Collected data entries
(* Let $X$ be a semigroup and $S$ be one of the semigroups $\beta(X),\lambda(X),\varphi(X),N_2(X),\upsilon(X)$. If $S$ is regular, then for every subsemigroup $Z\subset X$ whose complement $X\setminus Z$ is an ideal in $X$, the semigroup $S\cap\upsilon(Z)$ is regular.
   Context: An upfamily on a set $X$ is a family of nonempty subsets of $X$ closed under taking supersets in $X$; $\upsilon(X)$ is the set of all upfamilies. $N_2(X)$, $\lambda(X)$, $\varphi(X)$, $\beta(X)$ are the sets of linked upfamilies (any two members intersect), maximal linked upfamilies, filters, and ultrafilters on $X$. The operation is $\mathcal A*\mathcal B=\big\langle \bigcup_{a\in A} a*B_a : A\in\mathcal A,\ \{B_a\}_{a\in A}\subset\mathcal B\big\rangle$, where $\langle\mathcal C\rangle=\{A\subset X:\exists C\in\mathcal C,\ C\subset A\}$; all these sets are subsemigroups of $\upsilon(X)$. For $Z\subset X$, $\upsilon(Z)$ is identified with the subset of $\upsilon(X)$ consisting of the upfamilies $\{A\subset X: A\cap Z\in\mathcal F\}$, $\mathcal F\in\upsilon(Z)$. A semigroup $S$ is regular if $x\in xSx$ for every $x\in S$. A nonempty $I\subset X$ is an ideal if $XI\cup IX\subset I$. *)

theory Defs
  imports Main
begin

text \<open>The semigroup X is the whole carrier of a type of class semigroup_mult.\<close>

definition upfamily :: "'a set set \<Rightarrow> bool" where
  "upfamily \<A> \<longleftrightarrow> (\<forall>A\<in>\<A>. A \<noteq> {}) \<and> (\<forall>A\<in>\<A>. \<forall>B. A \<subseteq> B \<longrightarrow> B \<in> \<A>)"

definition ups :: "'a set set set" where
  "ups = {\<A>. upfamily \<A>}"

definition linked :: "'a set set \<Rightarrow> bool" where
  "linked \<A> \<longleftrightarrow> (\<forall>A\<in>\<A>. \<forall>B\<in>\<A>. A \<inter> B \<noteq> {})"

definition N2 :: "'a set set set" where
  "N2 = {\<A>. upfamily \<A> \<and> linked \<A>}"

definition lam :: "'a set set set" where
  "lam = {\<A>. \<A> \<in> N2 \<and> (\<forall>\<B>\<in>N2. \<A> \<subseteq> \<B> \<longrightarrow> \<B> = \<A>)}"

definition is_filter_up :: "'a set set \<Rightarrow> bool" where
  "is_filter_up \<A> \<longleftrightarrow> upfamily \<A> \<and> (\<forall>A\<in>\<A>. \<forall>B\<in>\<A>. A \<inter> B \<in> \<A>)"

definition phi :: "'a set set set" where
  "phi = {\<A>. is_filter_up \<A>}"

definition bet :: "'a set set set" where
  "bet = {\<A>. \<A> \<in> phi \<and> (\<forall>\<B>\<in>phi. \<A> \<subseteq> \<B> \<longrightarrow> \<B> = \<A>)}"

definition up_mult :: "'a::semigroup_mult set set \<Rightarrow> 'a set set \<Rightarrow> 'a set set" where
  "up_mult \<A> \<B> = {C. \<exists>A\<in>\<A>. \<exists>f. (\<forall>a\<in>A. f a \<in> \<B>) \<and>
       (\<Union>a\<in>A. (\<lambda>b. a * b) ` f a) \<subseteq> C}"

definition regular_sub :: "'a::semigroup_mult set set set \<Rightarrow> bool" where
  "regular_sub S \<longleftrightarrow> (\<forall>x\<in>S. \<exists>y\<in>S. x = up_mult (up_mult x y) x)"

text \<open>Upfamilies on a subset Z, and their identification with upfamilies on X.\<close>
definition upfamily_on :: "'a set \<Rightarrow> 'a set set \<Rightarrow> bool" where
  "upfamily_on Z \<F> \<longleftrightarrow> \<F> \<subseteq> Pow Z \<and> (\<forall>A\<in>\<F>. A \<noteq> {}) \<and>
     (\<forall>A\<in>\<F>. \<forall>B. A \<subseteq> B \<and> B \<subseteq> Z \<longrightarrow> B \<in> \<F>)"

definition ups_sub :: "'a set \<Rightarrow> 'a set set set" where
  "ups_sub Z = {\<A>. \<exists>\<F>. upfamily_on Z \<F> \<and> \<A> = {A. A \<inter> Z \<in> \<F>}}"

definition is_ideal :: "'a::semigroup_mult set \<Rightarrow> bool" where
  "is_ideal I \<longleftrightarrow> I \<noteq> {} \<and> (\<forall>x. \<forall>i\<in>I. x * i \<in> I \<and> i * x \<in> I)"

definition subsemigroup :: "'a::semigroup_mult set \<Rightarrow> bool" where
  "subsemigroup Z \<longleftrightarrow> Z \<noteq> {} \<and> (\<forall>x\<in>Z. \<forall>y\<in>Z. x * y \<in> Z)"

end

theory Submission imports Defs begin

(* Let x \<in> S \<inter> \<upsilon>(Z) and x = x*y*x with y \<in> S.  Replace y by its trace
   {A. A \<inter> Z \<in> y} on Z.  Because X \<setminus> Z is an ideal, every product a*b*c landing in Z
   has b \<in> Z, so only the parts of the members of y inside Z matter and still
   x = x*(trace y)*x.  The trace lies in \<upsilon>(Z) and inherits being an upfamily, linked,
   or a filter; if x is nonempty, so is the trace, and then it contains Z (the empty x
   is its own witness).  For \<beta>(X), a filter containing Z equals its own trace. *)

section \<open>Upfamilies living on a subset\<close>

definition saturated :: "'a set \<Rightarrow> 'a set set \<Rightarrow> bool" where
  "saturated Z H \<longleftrightarrow> (\<forall>A. A \<in> H \<longleftrightarrow> A \<inter> Z \<in> H)"

lemma ups_sub_iff: "H \<in> ups_sub Z \<longleftrightarrow> upfamily H \<and> saturated Z H"
proof
  assume "H \<in> ups_sub Z"
  then obtain F where F: "upfamily_on Z F" and H: "H = {A. A \<inter> Z \<in> F}"
    unfolding ups_sub_def by blast
  have "upfamily H"
    unfolding upfamily_def
  proof (intro conjI ballI allI impI)
    fix A assume "A \<in> H" then show "A \<noteq> {}" using F H unfolding upfamily_on_def by auto
  next
    fix A B assume "A \<in> H" "A \<subseteq> B"
    then have "A \<inter> Z \<in> F" "A \<inter> Z \<subseteq> B \<inter> Z" using H by auto
    then show "B \<in> H" using F H unfolding upfamily_on_def by blast
  qed
  moreover have "saturated Z H" using H unfolding saturated_def by (simp add: Int_assoc)
  ultimately show "upfamily H \<and> saturated Z H" ..
next
  assume H: "upfamily H \<and> saturated Z H"
  have "upfamily_on Z (H \<inter> Pow Z)"
    using H unfolding upfamily_on_def upfamily_def by blast
  moreover have "H = {A. A \<inter> Z \<in> H \<inter> Pow Z}"
    using H unfolding saturated_def by auto
  ultimately show "H \<in> ups_sub Z" unfolding ups_sub_def by blast
qed

section \<open>The product of upfamilies\<close>

lemma up_mult_iff:
  "C \<in> up_mult x y \<longleftrightarrow> (\<exists>A\<in>x. \<exists>f. (\<forall>a\<in>A. f a \<in> y) \<and> (\<forall>a\<in>A. \<forall>b\<in>f a. a * b \<in> C))"
  unfolding up_mult_def by (simp add: UN_subset_iff image_subset_iff)

lemma up_multI:
  "A \<in> x \<Longrightarrow> \<forall>a\<in>A. f a \<in> y \<Longrightarrow> \<forall>a\<in>A. \<forall>b\<in>f a. a * b \<in> C \<Longrightarrow> C \<in> up_mult x y"
  unfolding up_mult_iff by blast

lemma up_multE:
  assumes "C \<in> up_mult x y"
  obtains A f where "A \<in> x" "\<forall>a\<in>A. f a \<in> y" "\<forall>a\<in>A. \<forall>b\<in>f a. a * b \<in> C"
  using assms unfolding up_mult_iff by blast

lemma up_mult_mono: "x \<subseteq> x' \<Longrightarrow> y \<subseteq> y' \<Longrightarrow> up_mult x y \<subseteq> up_mult x' y'"
  by (auto simp: up_mult_iff) (meson subsetD)

lemma upfamily_up_mult:
  assumes "upfamily x" "upfamily y" shows "upfamily (up_mult x y)"
  unfolding upfamily_def
proof (intro conjI ballI allI impI)
  fix C assume "C \<in> up_mult x y"
  then obtain A f where A: "A \<in> x" "\<forall>a\<in>A. f a \<in> y" "\<forall>a\<in>A. \<forall>b\<in>f a. a * b \<in> C"
    unfolding up_mult_iff by blast
  obtain a where a: "a \<in> A" using A(1) assms(1) unfolding upfamily_def by blast
  obtain b where "b \<in> f a" using A(2) a assms(2) unfolding upfamily_def by blast
  then show "C \<noteq> {}" using A(3) a by blast
next
  fix C D assume "C \<in> up_mult x y" "C \<subseteq> D"
  then show "D \<in> up_mult x y" unfolding up_mult_iff by blast
qed

lemma linked_up_mult:
  assumes "linked x" "linked y" shows "linked (up_mult x y)"
  unfolding linked_def
proof (intro ballI)
  fix C1 C2 assume "C1 \<in> up_mult x y" "C2 \<in> up_mult x y"
  then obtain A1 f1 A2 f2 where
    A: "A1 \<in> x" "\<forall>a\<in>A1. f1 a \<in> y" "\<forall>a\<in>A1. \<forall>b\<in>f1 a. a * b \<in> C1"
       "A2 \<in> x" "\<forall>a\<in>A2. f2 a \<in> y" "\<forall>a\<in>A2. \<forall>b\<in>f2 a. a * b \<in> C2"
    unfolding up_mult_iff by blast
  obtain a where a: "a \<in> A1" "a \<in> A2" using assms(1) A(1,4) unfolding linked_def by blast
  obtain b where "b \<in> f1 a" "b \<in> f2 a" using assms(2) A(2,5) a unfolding linked_def by blast
  then show "C1 \<inter> C2 \<noteq> {}" using A(3,6) a by blast
qed

lemma N2_up_mult: "x \<in> N2 \<Longrightarrow> y \<in> N2 \<Longrightarrow> up_mult x y \<in> N2"
  unfolding N2_def using upfamily_up_mult linked_up_mult by blast

lemma regular_witness_nonempty:
  assumes "upfamily x" "x \<noteq> {}" "x = up_mult (up_mult x y) x"
  shows "y \<noteq> {}"
proof
  assume "y = {}"
  have "up_mult x y = {}"
  proof (rule equals0I)
    fix C assume "C \<in> up_mult x y"
    then obtain A where "A \<in> x" "A = {}" using \<open>y = {}\<close> by (auto simp: up_mult_iff)
    then show False using assms(1) unfolding upfamily_def by blast
  qed
  then have "up_mult (up_mult x y) x = {}" by (simp add: up_mult_def)
  with assms(2,3) show False by simp
qed

section \<open>The trace of an upfamily on Z\<close>

definition trace :: "'a set \<Rightarrow> 'a set set \<Rightarrow> 'a set set" where
  "trace Z y = {A. A \<inter> Z \<in> y}"

lemma trace_subset: "upfamily y \<Longrightarrow> trace Z y \<subseteq> y"
  unfolding trace_def upfamily_def by (auto intro: Int_lower1)

lemma trace_ups_sub: "upfamily y \<Longrightarrow> trace Z y \<in> ups_sub Z"
  unfolding ups_sub_iff saturated_def trace_def upfamily_def
  by (auto simp: Int_assoc) (meson Int_mono order_refl)

lemma trace_ups: "upfamily y \<Longrightarrow> trace Z y \<in> ups"
  using trace_ups_sub unfolding ups_sub_iff ups_def by blast
lemma picard_apply:
  "apply_bcontfun (picard f T t0 x0 u y) s = x0 + integral {t0..clamp t0 T s} (\<lambda>r. f (y r) (u r))"
proof -
  have "(\<lambda>s. x0 + integral {t0..clamp t0 T s} (\<lambda>r. f (y r) (u r))) \<in> bcontfun"
  proof (rule bcontfun_normI)
    have "(\<lambda>r. f (y r) (u r)) integrable_on {t0..T}"
      by (rule f_integrable[OF u]) (use t0 in auto)
    then show "continuous_on UNIV (\<lambda>s. x0 + integral {t0..clamp t0 T s} (\<lambda>r. f (y r) (u r)))"
      using clamp_in t0 by (intro continuous_intros continuous_on_compose2
          [OF indefinite_integral_continuous_1 continuous_clamp]) auto
    fix s
    have c: "clamp t0 T s \<in> {t0..T}" using clamp_in t0 by auto
    have "norm (integral {t0..clamp t0 T s} (\<lambda>r. f (y r) (u r))) \<le> Mf * (clamp t0 T s - t0)"
      by (rule f_integral_bound[OF u]) (use c t0 in auto)
    also have "\<dots> \<le> \<bar>Mf\<bar> * (T - t0)"
      using c by (intro mult_mono) auto
    finally show "norm (x0 + integral {t0..clamp t0 T s} (\<lambda>r. f (y r) (u r))) \<le> norm x0 + \<bar>Mf\<bar> * (T - t0)"
      by (meson norm_triangle_mono order_refl)
  qed
  then show ?thesis unfolding picard_def by (simp add: Bcontfun_inverse)
qed
(* Let $G$ be a graph with $m\ge1$ edges, let $k\ge1$ and $0\le p\le m$ be integers, $\ell=m-p$, and $\eta=k(\ell+2)$. Let $E$ be the classification instance $E(G,\eta)$ described in the context. Then $G$ has a set $U\subseteq V(G)$ with $|U|\le k$ that is incident to at least $p$ edges if and only if there is a decision tree $T$ with $|T|\le k$ and $|O(T,E)|\le \ell\eta$.
   Context: Fix an ordering $e_1,\dots,e_m$ of $E(G)$. For a positive integer $\eta$, $E(G,\eta)$ has features $V(G)\cup\{d_0\}$ (one "vertex feature" per vertex, plus $d_0$) and, for each $r\in[\eta]$ and $i\in[m]$: a negative example with $d_0=2m(r-1)+2i-1$ and, for each $v\in V(G)$, value $1$ if $v$ is an endpoint of $e_i$ and $0$ otherwise; and a positive example with $d_0=2m(r-1)+2i$ and value $0$ on every vertex feature. A decision tree (DT) is a rooted tree whose test nodes $v$ carry a feature $f(v)$ and integer threshold $\lambda(v)$ (examples with $e(f(v))\le\lambda(v)$ go left, others right) and whose leaves are labeled positive or negative. $|T|$ is the number of test nodes. An example is an outlier for $T$ if it reaches a leaf with the opposite label; $O(T,E)$ is the set of outliers. *)

theory Defs
  imports Main
begin

(* Features: None is d_0, Some v is the vertex feature of v. *)
type_synonym 'v feature = "'v option"
type_synonym 'v example = "('v feature \<Rightarrow> int) \<times> bool"  (* values, label (True = positive) *)

datatype 'f dtree = Leaf bool | Node 'f int "'f dtree" "'f dtree"

fun dt_size :: "'f dtree \<Rightarrow> nat" where
  "dt_size (Leaf b) = 0"
| "dt_size (Node f t l r) = Suc (dt_size l + dt_size r)"

fun dt_features :: "'f dtree \<Rightarrow> 'f set" where
  "dt_features (Leaf b) = {}"
| "dt_features (Node f t l r) = insert f (dt_features l \<union> dt_features r)"

fun dt_classify :: "'f dtree \<Rightarrow> ('f \<Rightarrow> int) \<Rightarrow> bool" where
  "dt_classify (Leaf b) e = b"
| "dt_classify (Node f t l r) e = (if e f \<le> t then dt_classify l e else dt_classify r e)"

definition outliers :: "'f dtree \<Rightarrow> (('f \<Rightarrow> int) \<times> bool) set \<Rightarrow> (('f \<Rightarrow> int) \<times> bool) set" where
  "outliers T E = {x \<in> E. dt_classify T (fst x) \<noteq> snd x}"
(* Let $(\mathcal{M}^n,g)$ be a mixed super quasi-Einstein manifold (notation as in the context) admitting an Einstein soliton, i.e. a Ricci-Bourguignon soliton $(g,\xi_1,\lambda,\rho)$ with $\rho=\frac12$. Then the soliton is expanding, steady, or shrinking according as $(n-2)\Psi_1-\Psi_2+\Psi_3<0$, $(n-2)\Psi_1-\Psi_2+\Psi_3=0$, or $(n-2)\Psi_1-\Psi_2+\Psi_3>0$, respectively.
   Context: $(\mathcal{M}^n,g)$, $n\ge3$, is a non-flat Riemannian manifold with Ricci tensor $\mathrm{Ric}$ and scalar curvature $r$. It is mixed super quasi-Einstein if $\mathrm{Ric}\not\equiv0$ and $\mathrm{Ric}(X,Y)=\Psi_1 g(X,Y)+\Psi_2\mathcal{A}(X)\mathcal{A}(Y)+\Psi_3\mathcal{B}(X)\mathcal{B}(Y)+\Psi_4(\mathcal{A}(X)\mathcal{B}(Y)+\mathcal{B}(X)\mathcal{A}(Y))+\Psi_5\mathcal{D}(X,Y)$, where $\Psi_i$ are smooth functions with $\Psi_2,\Psi_3,\Psi_4,\Psi_5\neq0$; $\xi_1,\xi_2$ are vector fields with $g(\xi_1,\xi_1)=g(\xi_2,\xi_2)=1$, $g(\xi_1,\xi_2)=0$; $\mathcal{A}=g(\cdot,\xi_1)$, $\mathcal{B}=g(\cdot,\xi_2)$; $\mathcal{D}$ is a symmetric trace-free $(0,2)$-tensor with $\mathcal{D}(X,\xi_1)=0$. A Ricci-Bourguignon soliton $(g,U,\lambda,\rho)$: a vector field $U$ and constants $\lambda,\rho$ with $\frac12\mathcal{L}_Ug+\mathrm{Ric}=(\lambda+\rho r)g$. Convention of the paper: the soliton is called expanding, steady, or shrinking according as $\lambda>0$, $\lambda=0$, or $\lambda<0$. *)

theory Defs
  imports "HOL-Analysis.Analysis"
begin

text \<open>Local-coordinate model of a Riemannian manifold: an open coordinate
domain S in R^n (n = CARD('n)), a metric given by its component matrix
g x $ i $ j, vector fields given by their components, (0,2)-tensor
fields by component matrices.\<close>

definition pd :: "'n::finite \<Rightarrow> (real^'n \<Rightarrow> real) \<Rightarrow> real^'n \<Rightarrow> real" where
  "pd k f x = deriv (\<lambda>t. f (x + t *\<^sub>R axis k 1)) 0"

▸ **PROBLEM DETAILS**: Once you find the line with "unfolding trace_def upfamily_def" in the entries above, output it and each line after it up to and including the line with "by (auto simp: Int_assoc)", and nothing else.

▸ **EXERCISE SOLUTION**:
  unfolding trace_def upfamily_def by (auto intro: Int_lower1)

lemma trace_ups_sub: "upfamily y \<Longrightarrow> trace Z y \<in> ups_sub Z"
  unfolding ups_sub_iff saturated_def trace_def upfamily_def
  by (auto simp: Int_assoc) (meson Int_mono order_refl)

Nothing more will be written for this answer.